WORK TO COMPLETE: Where a line of the records holds the string "fastforce", copy that line.

MATERIAL FOR THE TASK:
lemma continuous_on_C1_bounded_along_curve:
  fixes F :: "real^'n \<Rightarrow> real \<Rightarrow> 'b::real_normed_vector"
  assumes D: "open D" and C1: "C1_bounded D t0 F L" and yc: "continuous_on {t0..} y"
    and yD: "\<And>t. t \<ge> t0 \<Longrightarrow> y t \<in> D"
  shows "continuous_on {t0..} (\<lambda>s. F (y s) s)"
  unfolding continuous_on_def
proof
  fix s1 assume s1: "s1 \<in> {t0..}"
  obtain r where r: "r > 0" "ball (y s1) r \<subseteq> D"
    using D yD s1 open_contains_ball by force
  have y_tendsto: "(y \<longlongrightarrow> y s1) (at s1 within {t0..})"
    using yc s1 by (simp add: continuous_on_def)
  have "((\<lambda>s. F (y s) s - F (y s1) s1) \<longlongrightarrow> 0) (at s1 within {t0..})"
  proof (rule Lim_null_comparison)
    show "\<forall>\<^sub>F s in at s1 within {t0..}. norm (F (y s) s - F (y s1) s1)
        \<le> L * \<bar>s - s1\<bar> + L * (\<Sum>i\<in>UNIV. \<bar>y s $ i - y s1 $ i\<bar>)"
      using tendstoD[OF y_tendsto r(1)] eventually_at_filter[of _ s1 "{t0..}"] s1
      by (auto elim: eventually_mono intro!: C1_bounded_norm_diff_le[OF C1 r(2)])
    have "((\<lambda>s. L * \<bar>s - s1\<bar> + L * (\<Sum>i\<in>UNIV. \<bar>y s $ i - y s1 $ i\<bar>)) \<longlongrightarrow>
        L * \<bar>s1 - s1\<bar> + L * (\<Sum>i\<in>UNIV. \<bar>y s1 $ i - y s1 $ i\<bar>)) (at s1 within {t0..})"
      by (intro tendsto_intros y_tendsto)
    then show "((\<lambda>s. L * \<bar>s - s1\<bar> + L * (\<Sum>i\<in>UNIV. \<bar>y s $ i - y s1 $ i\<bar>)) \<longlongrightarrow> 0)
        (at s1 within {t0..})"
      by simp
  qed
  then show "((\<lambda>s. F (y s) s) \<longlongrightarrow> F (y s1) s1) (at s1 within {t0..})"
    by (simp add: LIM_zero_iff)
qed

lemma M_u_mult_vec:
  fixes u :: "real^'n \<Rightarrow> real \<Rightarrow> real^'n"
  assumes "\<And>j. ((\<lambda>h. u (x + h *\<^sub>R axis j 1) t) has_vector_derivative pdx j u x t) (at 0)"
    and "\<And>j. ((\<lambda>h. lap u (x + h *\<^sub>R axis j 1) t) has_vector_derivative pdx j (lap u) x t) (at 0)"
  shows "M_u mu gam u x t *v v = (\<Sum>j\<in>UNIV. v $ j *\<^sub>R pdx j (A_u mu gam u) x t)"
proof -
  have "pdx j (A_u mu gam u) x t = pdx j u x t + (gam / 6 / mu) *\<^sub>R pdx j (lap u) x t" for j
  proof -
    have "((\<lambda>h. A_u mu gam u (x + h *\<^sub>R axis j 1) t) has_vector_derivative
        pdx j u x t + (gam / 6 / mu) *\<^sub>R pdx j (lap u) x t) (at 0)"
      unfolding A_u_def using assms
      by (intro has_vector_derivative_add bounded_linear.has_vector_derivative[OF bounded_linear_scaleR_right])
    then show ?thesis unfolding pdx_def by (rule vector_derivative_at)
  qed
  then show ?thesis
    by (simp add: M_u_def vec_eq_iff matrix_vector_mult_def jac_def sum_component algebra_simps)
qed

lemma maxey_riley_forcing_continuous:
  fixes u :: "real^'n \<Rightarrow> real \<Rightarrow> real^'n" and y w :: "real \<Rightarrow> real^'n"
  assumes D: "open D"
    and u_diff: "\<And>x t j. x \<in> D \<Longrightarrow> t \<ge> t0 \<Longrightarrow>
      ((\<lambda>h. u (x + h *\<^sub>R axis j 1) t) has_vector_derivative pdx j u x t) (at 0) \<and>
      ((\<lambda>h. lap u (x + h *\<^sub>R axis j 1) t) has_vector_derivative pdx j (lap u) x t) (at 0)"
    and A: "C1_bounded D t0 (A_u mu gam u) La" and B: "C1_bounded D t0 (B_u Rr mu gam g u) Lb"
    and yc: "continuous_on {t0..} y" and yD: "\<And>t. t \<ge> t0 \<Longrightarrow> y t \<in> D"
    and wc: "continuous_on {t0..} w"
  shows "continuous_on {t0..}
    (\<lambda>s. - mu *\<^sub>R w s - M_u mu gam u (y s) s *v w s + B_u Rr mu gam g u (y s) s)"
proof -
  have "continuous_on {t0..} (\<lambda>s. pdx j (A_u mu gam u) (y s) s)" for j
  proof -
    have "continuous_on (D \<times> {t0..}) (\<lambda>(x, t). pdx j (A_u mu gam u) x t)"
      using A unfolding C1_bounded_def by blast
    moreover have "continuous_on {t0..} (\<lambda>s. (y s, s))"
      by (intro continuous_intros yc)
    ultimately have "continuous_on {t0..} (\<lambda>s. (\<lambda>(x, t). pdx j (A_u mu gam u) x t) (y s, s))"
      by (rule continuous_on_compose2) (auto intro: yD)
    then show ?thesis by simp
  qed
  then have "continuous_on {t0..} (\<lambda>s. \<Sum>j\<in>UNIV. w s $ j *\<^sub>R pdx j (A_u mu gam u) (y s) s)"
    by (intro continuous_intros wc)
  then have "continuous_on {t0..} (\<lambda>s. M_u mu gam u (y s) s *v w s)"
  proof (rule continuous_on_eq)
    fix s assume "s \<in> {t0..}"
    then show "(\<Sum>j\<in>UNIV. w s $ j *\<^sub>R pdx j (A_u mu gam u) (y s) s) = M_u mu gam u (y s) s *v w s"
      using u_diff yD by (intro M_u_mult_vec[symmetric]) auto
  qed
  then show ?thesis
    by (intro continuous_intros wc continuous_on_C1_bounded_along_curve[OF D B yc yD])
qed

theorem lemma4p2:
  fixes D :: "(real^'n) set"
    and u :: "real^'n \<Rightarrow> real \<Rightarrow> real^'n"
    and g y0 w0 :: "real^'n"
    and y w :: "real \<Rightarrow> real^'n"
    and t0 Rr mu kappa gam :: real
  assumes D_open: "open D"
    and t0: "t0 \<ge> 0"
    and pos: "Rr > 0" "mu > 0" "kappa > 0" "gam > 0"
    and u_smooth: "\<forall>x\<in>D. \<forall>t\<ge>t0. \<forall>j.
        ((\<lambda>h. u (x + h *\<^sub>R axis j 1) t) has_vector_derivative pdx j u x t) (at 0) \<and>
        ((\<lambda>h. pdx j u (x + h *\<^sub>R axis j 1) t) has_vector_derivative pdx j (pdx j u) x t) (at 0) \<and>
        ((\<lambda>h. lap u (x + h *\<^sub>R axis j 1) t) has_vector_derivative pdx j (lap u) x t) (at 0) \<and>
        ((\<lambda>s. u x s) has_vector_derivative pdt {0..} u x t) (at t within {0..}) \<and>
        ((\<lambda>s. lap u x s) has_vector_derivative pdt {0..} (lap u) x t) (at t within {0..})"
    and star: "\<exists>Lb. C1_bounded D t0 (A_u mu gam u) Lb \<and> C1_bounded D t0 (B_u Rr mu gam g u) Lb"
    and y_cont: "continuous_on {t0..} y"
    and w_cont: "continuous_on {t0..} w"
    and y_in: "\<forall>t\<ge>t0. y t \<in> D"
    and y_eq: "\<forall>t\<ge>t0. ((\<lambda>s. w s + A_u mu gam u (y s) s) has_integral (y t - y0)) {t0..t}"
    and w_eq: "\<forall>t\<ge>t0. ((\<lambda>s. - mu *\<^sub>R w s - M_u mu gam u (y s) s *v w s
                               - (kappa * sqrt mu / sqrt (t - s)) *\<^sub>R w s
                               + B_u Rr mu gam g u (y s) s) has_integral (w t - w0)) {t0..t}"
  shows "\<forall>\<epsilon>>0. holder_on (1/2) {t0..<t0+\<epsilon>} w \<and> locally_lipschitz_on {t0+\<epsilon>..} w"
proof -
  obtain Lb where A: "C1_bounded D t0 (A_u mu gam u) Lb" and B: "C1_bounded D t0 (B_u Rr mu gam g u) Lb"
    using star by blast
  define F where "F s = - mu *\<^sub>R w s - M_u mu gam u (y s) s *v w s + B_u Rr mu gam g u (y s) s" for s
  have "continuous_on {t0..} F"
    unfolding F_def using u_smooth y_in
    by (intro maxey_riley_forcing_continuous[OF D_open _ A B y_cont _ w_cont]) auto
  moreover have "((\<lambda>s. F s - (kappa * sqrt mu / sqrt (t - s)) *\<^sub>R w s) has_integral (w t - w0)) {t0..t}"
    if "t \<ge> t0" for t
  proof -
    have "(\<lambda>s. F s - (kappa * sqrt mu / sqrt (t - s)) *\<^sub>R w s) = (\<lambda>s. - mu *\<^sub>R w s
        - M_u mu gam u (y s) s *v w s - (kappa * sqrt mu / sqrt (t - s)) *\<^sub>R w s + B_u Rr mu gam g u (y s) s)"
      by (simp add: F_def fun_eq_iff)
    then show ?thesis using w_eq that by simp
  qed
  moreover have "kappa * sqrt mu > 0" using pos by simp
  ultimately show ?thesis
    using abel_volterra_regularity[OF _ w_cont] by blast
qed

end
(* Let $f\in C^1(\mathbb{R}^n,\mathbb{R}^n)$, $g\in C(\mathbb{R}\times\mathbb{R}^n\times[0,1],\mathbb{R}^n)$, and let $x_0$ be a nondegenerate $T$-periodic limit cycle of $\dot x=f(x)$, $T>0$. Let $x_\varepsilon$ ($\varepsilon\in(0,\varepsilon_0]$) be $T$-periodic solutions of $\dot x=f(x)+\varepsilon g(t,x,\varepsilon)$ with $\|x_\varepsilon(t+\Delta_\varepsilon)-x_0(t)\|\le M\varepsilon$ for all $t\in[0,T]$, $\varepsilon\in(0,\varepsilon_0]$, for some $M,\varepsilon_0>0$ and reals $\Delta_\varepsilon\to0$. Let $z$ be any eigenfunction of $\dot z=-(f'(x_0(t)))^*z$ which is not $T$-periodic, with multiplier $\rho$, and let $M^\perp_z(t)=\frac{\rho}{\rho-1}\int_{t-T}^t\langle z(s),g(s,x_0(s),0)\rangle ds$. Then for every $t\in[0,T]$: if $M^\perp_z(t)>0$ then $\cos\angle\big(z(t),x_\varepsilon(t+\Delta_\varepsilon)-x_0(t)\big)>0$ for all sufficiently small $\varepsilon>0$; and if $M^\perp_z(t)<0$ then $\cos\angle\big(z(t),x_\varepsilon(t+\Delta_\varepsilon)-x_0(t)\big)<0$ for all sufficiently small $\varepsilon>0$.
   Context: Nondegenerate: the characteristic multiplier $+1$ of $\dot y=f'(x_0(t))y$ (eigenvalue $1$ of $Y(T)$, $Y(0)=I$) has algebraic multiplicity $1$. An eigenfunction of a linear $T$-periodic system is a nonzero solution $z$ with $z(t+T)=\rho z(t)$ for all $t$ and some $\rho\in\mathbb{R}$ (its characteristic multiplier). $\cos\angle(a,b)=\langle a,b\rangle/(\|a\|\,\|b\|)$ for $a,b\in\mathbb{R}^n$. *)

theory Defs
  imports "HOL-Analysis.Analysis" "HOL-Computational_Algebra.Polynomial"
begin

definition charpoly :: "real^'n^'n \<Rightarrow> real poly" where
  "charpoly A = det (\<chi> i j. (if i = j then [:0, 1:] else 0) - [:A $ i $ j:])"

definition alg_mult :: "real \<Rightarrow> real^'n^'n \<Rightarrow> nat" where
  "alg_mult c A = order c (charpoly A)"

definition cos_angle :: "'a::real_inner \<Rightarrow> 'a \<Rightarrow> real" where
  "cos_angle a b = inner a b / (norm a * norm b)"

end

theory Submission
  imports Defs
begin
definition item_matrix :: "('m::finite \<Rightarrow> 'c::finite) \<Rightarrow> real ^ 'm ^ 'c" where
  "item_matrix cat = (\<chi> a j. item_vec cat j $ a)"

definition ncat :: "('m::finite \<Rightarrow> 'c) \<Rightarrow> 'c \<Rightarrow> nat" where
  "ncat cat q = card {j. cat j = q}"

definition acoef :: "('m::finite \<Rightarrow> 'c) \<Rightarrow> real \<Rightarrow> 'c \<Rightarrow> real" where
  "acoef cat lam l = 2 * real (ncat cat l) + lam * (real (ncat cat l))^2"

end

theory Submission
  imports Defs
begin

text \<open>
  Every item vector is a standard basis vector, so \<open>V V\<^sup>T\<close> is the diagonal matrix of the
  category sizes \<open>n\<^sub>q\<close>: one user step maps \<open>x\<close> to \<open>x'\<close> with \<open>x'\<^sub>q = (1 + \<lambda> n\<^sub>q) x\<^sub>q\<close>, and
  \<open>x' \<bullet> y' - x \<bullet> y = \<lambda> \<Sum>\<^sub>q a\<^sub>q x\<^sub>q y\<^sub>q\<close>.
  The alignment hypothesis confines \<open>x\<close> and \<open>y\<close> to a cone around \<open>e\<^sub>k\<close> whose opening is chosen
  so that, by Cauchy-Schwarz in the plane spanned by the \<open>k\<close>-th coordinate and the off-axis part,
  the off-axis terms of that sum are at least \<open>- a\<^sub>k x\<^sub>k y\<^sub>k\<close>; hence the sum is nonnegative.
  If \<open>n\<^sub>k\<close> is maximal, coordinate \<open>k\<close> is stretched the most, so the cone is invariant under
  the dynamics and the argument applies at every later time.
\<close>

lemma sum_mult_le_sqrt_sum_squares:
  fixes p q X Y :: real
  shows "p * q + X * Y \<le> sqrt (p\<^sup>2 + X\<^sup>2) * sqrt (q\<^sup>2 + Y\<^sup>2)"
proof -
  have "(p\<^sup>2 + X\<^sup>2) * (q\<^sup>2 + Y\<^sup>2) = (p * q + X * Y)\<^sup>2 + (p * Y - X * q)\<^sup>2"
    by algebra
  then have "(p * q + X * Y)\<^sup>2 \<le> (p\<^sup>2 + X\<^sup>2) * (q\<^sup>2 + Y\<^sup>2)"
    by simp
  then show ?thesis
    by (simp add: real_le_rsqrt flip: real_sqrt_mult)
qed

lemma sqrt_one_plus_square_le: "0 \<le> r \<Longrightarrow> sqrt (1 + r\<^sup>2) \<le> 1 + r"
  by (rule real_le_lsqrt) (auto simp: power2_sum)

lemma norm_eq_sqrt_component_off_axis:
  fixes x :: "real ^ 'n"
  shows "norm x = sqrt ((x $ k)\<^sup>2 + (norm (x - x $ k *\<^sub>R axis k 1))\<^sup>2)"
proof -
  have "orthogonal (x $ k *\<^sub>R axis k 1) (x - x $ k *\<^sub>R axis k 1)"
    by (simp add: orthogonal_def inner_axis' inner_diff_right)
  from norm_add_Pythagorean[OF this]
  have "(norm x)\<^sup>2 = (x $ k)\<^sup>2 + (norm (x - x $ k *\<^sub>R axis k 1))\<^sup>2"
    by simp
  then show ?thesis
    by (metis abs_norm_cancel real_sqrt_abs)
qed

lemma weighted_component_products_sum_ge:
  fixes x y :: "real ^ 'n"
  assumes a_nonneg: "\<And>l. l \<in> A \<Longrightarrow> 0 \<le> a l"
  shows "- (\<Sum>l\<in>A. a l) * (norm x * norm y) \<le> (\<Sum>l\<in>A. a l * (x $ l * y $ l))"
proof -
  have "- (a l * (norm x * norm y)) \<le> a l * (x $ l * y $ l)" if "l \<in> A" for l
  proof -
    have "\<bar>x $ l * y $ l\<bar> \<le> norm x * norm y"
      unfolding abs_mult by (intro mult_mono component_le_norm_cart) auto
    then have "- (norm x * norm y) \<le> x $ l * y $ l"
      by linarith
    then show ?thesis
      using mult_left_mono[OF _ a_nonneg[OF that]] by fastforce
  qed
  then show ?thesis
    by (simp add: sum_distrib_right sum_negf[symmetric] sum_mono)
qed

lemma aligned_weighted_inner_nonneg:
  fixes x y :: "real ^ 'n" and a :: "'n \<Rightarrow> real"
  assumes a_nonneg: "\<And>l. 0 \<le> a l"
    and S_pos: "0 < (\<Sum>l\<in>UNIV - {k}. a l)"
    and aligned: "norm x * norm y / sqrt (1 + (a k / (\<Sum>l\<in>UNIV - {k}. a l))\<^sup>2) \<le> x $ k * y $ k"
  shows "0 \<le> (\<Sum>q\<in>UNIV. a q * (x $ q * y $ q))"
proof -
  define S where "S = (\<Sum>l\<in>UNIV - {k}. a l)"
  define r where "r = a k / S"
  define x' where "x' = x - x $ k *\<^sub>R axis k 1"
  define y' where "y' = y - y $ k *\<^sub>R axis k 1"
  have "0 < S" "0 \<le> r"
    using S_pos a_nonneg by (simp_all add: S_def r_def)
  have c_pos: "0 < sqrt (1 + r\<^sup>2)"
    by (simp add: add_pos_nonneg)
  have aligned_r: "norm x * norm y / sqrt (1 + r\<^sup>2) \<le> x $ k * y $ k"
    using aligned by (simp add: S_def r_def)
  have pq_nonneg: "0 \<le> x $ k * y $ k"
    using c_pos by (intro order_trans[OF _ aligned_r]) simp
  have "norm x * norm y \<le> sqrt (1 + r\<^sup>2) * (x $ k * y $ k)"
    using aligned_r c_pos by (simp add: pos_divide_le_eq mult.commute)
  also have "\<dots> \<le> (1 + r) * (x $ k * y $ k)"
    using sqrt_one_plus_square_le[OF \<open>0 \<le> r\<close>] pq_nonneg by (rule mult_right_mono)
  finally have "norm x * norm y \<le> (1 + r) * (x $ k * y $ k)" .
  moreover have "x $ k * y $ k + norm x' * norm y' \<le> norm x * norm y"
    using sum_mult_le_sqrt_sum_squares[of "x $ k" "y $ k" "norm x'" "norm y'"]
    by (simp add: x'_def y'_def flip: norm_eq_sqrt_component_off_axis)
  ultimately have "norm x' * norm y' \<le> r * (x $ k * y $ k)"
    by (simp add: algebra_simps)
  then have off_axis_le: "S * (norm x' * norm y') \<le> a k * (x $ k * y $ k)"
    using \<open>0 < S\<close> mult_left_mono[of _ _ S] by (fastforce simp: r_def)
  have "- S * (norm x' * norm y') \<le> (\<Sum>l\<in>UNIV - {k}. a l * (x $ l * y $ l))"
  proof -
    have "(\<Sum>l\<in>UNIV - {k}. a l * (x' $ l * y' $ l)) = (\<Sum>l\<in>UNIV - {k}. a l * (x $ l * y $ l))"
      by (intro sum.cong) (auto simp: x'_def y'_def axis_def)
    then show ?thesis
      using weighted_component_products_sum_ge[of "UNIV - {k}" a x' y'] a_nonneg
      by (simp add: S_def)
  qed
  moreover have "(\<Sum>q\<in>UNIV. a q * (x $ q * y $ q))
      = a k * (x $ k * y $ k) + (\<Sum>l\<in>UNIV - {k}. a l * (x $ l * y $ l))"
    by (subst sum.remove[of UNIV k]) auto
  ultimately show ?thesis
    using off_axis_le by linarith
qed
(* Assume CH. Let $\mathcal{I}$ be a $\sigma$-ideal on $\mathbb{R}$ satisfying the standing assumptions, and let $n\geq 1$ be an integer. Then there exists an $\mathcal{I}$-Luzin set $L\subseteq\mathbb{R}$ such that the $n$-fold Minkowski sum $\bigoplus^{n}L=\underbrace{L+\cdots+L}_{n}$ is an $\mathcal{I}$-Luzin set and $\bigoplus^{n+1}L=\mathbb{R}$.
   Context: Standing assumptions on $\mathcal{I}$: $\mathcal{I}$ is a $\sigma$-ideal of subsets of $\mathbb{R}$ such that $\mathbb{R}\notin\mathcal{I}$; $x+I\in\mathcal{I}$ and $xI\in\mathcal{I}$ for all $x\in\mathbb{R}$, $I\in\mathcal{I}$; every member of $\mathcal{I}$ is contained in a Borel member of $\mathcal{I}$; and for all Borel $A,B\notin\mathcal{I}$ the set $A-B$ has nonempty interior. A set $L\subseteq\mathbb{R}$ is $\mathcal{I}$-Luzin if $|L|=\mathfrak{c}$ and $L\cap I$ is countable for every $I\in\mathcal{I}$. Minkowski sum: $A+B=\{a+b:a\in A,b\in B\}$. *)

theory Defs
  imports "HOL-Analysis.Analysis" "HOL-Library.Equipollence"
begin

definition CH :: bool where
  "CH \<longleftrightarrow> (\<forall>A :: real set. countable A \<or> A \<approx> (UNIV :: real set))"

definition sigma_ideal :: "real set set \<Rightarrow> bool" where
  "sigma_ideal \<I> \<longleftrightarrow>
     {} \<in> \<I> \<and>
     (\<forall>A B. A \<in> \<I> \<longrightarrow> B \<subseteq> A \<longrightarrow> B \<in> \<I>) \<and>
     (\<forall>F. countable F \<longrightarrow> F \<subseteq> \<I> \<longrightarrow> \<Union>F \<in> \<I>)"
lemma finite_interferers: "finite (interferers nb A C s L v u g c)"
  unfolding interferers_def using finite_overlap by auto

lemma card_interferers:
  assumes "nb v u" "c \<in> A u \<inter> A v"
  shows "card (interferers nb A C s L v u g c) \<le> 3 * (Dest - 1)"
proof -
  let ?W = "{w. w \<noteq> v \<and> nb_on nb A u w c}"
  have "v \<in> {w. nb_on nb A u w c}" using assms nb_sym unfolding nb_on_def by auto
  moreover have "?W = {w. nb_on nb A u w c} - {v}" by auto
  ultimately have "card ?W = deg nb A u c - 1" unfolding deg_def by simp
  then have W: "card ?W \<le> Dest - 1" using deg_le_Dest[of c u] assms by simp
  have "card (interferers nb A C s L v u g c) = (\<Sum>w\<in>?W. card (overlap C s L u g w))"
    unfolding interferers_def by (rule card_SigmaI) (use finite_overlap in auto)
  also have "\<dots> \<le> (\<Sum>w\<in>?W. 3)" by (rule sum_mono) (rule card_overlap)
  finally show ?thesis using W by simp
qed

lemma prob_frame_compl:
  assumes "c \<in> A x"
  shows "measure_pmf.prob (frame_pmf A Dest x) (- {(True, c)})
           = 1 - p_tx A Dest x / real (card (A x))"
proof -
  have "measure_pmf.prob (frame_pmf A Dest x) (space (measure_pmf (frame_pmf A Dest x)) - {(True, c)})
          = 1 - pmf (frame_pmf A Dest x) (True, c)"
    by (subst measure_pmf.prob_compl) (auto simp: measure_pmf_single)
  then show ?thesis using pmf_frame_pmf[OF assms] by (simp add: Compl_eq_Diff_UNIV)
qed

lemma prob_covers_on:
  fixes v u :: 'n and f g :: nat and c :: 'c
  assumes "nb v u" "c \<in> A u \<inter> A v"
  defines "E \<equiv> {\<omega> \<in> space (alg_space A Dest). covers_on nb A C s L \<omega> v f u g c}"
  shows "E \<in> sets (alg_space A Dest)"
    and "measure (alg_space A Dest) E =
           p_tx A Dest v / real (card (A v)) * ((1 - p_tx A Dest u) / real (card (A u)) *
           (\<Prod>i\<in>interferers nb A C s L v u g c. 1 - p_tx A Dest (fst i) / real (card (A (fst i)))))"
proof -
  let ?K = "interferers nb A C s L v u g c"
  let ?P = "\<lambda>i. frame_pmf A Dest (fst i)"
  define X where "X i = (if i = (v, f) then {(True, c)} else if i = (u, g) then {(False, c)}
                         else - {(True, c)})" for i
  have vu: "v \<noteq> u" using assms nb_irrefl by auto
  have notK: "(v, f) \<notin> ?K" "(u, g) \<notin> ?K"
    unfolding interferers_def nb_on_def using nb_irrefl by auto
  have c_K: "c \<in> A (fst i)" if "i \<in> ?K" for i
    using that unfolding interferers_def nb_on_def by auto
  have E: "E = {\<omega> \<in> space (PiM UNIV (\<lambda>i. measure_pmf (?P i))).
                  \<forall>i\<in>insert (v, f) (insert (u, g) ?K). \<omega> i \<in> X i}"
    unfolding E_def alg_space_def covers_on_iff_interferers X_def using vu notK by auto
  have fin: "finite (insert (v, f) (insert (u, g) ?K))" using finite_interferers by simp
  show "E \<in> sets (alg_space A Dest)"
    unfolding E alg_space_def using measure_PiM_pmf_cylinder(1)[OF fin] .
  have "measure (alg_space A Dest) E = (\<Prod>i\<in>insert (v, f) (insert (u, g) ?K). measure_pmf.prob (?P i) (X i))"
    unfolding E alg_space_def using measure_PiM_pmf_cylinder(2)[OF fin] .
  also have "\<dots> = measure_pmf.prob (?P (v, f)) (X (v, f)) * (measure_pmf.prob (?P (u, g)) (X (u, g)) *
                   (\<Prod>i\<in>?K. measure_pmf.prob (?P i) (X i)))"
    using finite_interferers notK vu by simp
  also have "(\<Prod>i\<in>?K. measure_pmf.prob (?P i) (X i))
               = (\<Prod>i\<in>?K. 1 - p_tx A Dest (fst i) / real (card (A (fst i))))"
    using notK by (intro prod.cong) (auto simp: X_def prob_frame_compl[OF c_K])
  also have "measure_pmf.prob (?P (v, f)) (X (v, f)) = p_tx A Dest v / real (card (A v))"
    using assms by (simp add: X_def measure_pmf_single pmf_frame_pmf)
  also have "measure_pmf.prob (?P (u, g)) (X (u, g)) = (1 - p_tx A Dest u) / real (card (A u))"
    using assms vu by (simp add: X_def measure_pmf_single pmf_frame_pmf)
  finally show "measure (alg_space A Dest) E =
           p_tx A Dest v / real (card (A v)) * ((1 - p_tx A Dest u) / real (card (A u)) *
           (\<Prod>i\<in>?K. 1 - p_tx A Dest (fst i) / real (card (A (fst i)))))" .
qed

SOLUTION BELOW:
      using mult_left_mono[OF _ a_nonneg[OF that]] by fastforce
    using \<open>0 < S\<close> mult_left_mono[of _ _ S] by (fastforce simp: r_def)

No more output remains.